Only lines that contain the word "entries" belong in the answer; copy them from the records below.

· · · · · · ·

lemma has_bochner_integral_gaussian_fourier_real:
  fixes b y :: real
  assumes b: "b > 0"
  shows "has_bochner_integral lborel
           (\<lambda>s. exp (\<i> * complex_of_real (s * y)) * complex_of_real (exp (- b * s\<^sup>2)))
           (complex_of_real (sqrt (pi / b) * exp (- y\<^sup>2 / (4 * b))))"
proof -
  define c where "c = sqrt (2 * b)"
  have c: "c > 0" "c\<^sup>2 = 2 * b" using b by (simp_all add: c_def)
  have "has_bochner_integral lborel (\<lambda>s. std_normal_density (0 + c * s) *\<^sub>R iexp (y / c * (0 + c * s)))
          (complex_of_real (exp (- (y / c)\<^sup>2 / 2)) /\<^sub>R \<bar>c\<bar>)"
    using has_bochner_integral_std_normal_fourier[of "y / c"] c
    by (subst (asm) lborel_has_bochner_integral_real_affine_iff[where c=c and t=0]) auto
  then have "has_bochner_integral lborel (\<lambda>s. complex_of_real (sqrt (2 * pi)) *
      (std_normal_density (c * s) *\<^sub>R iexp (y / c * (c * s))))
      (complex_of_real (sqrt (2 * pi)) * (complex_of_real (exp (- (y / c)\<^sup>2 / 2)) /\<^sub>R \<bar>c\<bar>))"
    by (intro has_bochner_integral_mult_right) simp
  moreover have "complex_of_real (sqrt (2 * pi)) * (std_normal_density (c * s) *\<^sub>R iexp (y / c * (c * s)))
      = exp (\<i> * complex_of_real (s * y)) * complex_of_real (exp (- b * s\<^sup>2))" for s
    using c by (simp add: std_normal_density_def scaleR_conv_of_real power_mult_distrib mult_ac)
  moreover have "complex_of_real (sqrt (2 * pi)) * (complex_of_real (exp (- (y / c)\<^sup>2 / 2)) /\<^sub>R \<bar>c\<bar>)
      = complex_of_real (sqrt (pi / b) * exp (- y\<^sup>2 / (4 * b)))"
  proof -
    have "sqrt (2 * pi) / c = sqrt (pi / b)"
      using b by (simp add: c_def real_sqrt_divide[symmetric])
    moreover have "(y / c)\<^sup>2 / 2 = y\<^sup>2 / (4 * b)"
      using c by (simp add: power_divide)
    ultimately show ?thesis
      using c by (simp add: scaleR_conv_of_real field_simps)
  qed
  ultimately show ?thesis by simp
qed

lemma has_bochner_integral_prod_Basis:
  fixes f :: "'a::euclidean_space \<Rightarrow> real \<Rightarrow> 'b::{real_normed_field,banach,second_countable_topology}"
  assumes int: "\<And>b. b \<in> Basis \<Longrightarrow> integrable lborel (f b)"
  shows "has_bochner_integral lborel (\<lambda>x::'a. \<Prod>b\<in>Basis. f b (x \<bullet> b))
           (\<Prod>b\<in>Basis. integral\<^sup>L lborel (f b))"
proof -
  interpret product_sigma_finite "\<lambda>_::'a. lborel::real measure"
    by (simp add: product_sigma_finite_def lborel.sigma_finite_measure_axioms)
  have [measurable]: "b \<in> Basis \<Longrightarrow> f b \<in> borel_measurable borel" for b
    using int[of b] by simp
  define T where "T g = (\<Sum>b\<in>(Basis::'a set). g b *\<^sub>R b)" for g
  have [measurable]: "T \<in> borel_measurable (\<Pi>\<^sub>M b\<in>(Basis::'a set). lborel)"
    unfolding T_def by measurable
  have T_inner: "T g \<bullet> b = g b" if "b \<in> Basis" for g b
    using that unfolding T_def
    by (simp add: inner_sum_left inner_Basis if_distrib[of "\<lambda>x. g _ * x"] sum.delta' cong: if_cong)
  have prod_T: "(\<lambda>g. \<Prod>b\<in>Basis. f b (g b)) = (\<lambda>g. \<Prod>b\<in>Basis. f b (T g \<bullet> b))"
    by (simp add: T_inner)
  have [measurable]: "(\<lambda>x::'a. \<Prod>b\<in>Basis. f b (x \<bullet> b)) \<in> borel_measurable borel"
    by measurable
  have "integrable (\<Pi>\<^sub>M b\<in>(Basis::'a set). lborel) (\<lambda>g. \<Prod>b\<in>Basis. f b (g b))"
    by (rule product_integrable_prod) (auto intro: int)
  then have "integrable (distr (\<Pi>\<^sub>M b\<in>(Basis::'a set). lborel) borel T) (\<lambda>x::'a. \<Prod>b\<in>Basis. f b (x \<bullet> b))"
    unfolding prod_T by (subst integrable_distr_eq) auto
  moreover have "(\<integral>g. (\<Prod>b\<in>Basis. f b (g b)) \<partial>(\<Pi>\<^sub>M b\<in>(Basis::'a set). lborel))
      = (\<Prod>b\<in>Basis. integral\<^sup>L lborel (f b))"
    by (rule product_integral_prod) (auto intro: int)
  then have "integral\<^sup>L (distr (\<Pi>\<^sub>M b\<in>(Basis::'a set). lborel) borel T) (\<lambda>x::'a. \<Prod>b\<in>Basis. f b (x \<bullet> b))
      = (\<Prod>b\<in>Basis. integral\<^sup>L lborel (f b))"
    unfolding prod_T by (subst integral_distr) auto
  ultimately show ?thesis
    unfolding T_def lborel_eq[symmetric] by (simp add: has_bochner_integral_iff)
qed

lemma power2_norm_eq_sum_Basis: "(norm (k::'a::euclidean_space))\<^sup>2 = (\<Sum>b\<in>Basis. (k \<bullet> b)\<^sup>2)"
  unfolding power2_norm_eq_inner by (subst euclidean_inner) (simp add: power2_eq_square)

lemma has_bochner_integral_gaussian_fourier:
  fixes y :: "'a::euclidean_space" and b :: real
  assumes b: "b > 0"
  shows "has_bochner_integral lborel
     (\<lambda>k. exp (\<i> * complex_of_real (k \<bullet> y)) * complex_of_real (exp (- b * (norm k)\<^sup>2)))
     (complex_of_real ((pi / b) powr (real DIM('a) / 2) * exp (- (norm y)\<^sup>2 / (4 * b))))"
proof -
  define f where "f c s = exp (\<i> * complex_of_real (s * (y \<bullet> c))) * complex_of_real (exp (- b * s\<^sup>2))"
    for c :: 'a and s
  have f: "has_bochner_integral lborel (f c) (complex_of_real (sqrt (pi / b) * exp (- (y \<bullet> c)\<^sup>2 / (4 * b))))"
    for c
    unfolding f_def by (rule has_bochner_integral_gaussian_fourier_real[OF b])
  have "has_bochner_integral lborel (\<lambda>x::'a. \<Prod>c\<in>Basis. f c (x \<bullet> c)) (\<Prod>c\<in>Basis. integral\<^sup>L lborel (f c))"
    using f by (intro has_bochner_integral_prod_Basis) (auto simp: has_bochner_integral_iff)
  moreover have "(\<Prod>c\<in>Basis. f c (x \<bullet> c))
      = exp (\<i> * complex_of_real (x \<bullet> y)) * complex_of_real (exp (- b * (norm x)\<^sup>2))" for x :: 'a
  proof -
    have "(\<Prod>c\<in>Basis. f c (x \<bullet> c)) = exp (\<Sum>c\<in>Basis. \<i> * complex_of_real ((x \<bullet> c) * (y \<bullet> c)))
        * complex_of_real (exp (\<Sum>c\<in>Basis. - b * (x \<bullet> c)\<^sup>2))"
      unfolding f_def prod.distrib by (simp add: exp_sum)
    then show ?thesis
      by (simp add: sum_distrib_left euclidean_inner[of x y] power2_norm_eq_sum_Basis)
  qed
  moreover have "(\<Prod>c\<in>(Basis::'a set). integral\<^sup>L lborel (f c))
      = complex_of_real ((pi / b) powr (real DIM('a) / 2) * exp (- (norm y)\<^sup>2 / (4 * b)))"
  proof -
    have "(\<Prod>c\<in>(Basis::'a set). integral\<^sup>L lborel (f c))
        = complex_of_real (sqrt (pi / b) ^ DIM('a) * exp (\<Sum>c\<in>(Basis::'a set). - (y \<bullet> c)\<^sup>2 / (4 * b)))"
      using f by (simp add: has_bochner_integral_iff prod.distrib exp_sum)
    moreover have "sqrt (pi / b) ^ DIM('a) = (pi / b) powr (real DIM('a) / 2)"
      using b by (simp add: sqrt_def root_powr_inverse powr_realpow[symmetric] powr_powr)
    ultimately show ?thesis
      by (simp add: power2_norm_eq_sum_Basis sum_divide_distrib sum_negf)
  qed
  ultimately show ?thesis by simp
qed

· · · · · · ·

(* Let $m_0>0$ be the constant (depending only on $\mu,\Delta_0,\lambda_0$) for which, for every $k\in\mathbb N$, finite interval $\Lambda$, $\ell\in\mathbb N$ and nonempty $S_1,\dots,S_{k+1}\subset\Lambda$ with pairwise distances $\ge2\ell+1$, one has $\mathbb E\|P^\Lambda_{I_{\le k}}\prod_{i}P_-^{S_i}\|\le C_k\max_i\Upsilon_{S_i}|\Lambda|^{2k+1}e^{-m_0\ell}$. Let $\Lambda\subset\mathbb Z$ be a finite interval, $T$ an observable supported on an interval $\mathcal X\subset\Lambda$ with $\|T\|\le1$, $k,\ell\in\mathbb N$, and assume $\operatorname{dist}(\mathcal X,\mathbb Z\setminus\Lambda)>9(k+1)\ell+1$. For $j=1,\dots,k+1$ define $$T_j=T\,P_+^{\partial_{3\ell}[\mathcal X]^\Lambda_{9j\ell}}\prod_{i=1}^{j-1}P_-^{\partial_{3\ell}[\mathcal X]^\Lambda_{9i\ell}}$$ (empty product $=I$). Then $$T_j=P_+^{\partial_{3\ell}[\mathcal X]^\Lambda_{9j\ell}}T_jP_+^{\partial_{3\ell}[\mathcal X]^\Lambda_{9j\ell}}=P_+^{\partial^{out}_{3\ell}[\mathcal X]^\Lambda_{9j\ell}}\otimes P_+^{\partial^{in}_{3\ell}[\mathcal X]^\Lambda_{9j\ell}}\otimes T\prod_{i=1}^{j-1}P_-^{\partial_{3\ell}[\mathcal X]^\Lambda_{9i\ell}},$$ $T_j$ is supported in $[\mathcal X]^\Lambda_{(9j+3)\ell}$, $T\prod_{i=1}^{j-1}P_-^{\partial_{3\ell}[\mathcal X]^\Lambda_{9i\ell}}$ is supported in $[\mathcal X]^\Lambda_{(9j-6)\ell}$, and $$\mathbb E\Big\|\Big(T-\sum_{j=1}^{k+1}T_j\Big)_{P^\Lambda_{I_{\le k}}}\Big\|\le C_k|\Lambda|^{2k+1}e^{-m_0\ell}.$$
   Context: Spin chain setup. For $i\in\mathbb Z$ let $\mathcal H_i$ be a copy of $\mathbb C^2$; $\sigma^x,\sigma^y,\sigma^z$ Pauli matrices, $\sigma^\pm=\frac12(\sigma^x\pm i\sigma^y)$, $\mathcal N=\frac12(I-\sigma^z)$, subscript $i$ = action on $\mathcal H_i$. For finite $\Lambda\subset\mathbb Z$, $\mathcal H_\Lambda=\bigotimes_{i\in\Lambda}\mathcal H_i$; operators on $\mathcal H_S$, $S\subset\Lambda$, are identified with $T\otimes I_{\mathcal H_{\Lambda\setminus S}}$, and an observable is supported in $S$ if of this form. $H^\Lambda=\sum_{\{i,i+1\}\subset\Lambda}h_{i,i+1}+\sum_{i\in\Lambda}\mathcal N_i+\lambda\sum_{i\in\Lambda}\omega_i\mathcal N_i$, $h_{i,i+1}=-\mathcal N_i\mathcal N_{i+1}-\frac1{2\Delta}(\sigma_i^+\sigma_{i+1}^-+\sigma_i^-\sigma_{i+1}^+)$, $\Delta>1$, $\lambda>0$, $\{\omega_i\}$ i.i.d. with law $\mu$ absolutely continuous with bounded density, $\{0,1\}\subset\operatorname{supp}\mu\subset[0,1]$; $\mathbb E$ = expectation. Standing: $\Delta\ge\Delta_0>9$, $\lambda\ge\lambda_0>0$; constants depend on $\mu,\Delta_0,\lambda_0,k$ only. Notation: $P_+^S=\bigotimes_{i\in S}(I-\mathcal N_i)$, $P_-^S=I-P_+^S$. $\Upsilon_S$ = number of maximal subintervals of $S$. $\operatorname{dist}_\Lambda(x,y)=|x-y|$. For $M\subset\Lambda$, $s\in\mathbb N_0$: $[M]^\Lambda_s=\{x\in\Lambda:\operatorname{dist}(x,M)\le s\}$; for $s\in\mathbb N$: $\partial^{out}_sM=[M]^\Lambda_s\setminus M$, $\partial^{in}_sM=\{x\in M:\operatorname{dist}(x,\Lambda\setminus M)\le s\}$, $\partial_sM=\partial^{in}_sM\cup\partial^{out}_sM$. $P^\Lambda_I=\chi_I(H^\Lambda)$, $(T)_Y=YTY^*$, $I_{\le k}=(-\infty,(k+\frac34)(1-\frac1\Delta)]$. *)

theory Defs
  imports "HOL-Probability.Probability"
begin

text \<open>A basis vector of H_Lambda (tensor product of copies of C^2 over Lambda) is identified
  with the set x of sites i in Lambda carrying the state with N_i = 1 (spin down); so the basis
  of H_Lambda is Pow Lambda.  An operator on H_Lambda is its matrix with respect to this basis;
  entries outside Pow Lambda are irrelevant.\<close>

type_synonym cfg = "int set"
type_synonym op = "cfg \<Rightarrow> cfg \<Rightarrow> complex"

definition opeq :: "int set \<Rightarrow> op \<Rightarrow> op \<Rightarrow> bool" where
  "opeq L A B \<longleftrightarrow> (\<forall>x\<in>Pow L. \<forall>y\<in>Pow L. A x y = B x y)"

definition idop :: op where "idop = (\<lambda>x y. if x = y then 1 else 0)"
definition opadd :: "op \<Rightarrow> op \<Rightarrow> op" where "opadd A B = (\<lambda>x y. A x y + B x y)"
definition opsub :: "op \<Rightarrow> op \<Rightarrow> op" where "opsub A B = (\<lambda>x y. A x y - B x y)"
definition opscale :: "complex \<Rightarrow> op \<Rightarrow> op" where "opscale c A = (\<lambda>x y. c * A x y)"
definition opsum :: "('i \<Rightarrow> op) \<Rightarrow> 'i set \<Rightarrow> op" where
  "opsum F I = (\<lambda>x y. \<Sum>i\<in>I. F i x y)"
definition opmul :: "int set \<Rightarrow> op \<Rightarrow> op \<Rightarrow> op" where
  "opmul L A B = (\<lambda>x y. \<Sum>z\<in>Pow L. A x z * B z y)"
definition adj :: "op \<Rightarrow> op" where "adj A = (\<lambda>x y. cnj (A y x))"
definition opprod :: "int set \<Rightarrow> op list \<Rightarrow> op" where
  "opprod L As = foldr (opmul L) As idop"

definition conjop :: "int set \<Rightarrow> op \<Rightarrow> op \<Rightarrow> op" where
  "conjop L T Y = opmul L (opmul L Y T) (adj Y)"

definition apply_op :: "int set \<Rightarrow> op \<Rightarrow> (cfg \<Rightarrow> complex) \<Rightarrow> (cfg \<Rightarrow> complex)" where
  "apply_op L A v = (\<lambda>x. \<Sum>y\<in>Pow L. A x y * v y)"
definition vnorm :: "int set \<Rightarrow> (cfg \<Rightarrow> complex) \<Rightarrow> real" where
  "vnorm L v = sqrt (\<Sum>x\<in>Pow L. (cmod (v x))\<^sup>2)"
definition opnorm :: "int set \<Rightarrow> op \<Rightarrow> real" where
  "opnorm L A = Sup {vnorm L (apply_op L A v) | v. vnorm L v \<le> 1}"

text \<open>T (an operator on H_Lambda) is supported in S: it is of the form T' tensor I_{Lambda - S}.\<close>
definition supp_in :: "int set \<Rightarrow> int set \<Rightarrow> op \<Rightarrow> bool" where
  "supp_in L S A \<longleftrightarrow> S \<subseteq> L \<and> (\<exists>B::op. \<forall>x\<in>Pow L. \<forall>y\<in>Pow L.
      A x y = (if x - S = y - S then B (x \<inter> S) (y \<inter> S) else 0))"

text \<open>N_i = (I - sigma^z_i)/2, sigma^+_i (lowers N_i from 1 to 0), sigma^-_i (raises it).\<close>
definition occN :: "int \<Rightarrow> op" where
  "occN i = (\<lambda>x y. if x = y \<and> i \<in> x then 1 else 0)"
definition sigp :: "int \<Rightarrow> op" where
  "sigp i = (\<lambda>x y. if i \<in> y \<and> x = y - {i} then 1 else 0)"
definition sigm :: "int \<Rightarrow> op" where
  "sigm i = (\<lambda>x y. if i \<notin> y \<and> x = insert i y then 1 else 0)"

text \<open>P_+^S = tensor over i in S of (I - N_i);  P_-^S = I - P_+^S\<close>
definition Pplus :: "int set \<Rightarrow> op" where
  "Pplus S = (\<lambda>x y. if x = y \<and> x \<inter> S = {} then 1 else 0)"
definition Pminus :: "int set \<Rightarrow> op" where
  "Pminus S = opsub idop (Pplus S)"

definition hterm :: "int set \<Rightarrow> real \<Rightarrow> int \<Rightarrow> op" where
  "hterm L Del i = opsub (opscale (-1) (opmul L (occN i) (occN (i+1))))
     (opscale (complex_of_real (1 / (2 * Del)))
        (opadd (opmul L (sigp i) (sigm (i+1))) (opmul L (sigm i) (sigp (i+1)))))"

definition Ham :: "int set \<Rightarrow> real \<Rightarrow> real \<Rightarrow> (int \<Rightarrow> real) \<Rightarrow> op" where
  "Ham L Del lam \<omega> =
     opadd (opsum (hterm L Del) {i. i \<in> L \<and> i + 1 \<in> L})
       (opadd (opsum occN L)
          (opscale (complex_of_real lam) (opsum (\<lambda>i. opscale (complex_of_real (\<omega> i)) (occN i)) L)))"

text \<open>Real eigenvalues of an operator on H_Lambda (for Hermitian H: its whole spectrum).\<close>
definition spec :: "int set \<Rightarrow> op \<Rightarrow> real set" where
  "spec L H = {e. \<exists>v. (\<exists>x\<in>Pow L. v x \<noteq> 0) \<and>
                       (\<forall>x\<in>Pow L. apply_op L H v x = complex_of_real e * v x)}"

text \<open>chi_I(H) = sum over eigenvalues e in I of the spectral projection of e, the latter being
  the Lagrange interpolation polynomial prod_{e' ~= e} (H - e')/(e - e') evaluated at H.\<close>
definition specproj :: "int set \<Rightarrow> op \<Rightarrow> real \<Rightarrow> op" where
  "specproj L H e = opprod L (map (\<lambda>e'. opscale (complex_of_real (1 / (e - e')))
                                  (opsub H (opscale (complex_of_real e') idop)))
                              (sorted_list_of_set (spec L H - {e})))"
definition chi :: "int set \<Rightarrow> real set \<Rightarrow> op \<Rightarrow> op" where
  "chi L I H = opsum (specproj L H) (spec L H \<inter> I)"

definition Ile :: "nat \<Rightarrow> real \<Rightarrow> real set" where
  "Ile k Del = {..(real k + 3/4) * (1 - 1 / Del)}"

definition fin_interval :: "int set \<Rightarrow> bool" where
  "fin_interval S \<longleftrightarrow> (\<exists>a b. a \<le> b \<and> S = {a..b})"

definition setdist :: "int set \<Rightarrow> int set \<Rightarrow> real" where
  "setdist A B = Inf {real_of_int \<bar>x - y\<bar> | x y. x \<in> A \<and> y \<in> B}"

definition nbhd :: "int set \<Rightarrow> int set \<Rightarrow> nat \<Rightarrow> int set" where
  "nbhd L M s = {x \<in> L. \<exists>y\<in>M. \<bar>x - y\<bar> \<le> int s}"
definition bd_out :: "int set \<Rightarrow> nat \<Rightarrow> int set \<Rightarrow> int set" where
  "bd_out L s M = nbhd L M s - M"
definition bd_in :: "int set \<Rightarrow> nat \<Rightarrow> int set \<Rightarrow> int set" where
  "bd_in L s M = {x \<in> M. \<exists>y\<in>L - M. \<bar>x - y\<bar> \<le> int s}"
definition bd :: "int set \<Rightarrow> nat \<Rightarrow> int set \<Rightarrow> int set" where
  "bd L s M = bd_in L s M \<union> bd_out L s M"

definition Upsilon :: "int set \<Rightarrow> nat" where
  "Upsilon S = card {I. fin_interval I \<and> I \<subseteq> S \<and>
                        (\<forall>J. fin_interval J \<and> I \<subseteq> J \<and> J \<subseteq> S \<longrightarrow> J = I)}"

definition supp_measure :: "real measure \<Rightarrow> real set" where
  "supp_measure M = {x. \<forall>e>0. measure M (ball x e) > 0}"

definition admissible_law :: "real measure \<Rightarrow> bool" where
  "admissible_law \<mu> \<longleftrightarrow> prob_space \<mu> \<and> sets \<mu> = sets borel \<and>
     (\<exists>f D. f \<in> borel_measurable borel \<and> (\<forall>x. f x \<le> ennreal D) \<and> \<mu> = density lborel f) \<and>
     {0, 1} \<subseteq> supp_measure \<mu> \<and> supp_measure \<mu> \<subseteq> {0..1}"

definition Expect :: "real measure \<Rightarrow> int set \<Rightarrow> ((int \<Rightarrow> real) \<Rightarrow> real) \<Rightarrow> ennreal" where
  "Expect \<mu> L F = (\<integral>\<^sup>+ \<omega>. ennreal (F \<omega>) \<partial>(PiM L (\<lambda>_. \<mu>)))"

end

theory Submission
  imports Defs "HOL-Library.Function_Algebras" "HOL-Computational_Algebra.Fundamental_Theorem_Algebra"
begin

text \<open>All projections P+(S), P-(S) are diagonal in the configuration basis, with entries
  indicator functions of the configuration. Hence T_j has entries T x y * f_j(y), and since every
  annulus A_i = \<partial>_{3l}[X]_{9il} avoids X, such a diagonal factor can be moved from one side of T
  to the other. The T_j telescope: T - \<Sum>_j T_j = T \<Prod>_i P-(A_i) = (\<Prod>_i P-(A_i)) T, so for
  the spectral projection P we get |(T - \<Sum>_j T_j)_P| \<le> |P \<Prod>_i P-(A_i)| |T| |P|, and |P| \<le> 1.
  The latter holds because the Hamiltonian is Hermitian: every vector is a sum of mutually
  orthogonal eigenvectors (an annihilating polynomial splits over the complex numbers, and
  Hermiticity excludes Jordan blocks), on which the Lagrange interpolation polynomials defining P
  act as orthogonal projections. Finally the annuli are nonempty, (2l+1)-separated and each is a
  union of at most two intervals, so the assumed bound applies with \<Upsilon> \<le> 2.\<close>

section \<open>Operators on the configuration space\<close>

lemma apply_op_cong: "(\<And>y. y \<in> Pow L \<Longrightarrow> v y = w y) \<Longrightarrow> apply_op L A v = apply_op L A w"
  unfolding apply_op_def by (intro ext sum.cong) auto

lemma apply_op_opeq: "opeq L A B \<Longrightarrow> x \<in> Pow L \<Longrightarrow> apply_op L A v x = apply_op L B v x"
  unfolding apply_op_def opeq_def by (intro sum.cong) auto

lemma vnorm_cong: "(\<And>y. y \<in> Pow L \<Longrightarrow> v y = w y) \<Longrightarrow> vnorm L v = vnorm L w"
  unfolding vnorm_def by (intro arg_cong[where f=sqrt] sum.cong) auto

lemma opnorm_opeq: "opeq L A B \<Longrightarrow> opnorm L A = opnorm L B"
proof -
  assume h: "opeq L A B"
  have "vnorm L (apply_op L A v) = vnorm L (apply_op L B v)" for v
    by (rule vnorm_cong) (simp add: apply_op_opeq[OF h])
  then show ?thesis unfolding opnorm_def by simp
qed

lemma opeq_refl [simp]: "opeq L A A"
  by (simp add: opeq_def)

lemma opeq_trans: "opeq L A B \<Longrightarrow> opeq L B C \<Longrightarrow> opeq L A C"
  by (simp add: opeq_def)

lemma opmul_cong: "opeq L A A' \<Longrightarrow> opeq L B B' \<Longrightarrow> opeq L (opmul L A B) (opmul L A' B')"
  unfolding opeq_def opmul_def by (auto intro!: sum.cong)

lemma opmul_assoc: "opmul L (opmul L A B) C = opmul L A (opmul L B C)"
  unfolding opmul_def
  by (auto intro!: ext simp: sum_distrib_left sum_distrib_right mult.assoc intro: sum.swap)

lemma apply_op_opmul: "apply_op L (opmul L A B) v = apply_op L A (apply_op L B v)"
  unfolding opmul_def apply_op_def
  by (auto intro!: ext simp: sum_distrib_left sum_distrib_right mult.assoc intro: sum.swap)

· · · · · · ·

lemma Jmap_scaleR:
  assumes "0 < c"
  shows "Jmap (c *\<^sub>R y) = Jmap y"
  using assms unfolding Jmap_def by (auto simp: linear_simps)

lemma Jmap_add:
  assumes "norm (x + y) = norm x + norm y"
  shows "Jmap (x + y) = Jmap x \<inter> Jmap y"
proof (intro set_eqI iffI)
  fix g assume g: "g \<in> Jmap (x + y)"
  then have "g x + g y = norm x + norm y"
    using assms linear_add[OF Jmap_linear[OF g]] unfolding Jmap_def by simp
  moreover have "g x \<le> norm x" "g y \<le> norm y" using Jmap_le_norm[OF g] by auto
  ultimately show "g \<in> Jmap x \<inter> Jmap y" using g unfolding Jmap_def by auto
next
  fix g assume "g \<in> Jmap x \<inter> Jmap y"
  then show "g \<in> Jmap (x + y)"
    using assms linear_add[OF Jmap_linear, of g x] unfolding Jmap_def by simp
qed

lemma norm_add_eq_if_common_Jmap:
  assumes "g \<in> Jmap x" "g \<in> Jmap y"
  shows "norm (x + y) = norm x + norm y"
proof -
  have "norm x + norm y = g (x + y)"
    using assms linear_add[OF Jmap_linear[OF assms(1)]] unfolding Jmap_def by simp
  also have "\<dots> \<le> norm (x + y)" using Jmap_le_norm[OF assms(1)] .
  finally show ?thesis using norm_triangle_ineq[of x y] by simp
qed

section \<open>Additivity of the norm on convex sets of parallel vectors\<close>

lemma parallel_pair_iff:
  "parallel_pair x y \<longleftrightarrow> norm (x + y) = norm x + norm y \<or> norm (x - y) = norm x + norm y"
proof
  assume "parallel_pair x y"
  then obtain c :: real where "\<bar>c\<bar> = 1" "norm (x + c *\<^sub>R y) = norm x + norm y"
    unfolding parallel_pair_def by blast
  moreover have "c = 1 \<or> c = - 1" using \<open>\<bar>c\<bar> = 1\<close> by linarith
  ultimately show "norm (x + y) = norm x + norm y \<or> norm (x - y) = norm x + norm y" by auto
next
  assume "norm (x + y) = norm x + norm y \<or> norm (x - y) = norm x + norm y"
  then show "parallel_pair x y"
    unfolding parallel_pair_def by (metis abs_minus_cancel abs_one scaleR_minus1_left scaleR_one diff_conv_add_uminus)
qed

· · · · · · ·

RESULT
  entries outside Pow Lambda are irrelevant.\<close>
text \<open>All projections P+(S), P-(S) are diagonal in the configuration basis, with entries
  indicator functions of the configuration. Hence T_j has entries T x y * f_j(y), and since every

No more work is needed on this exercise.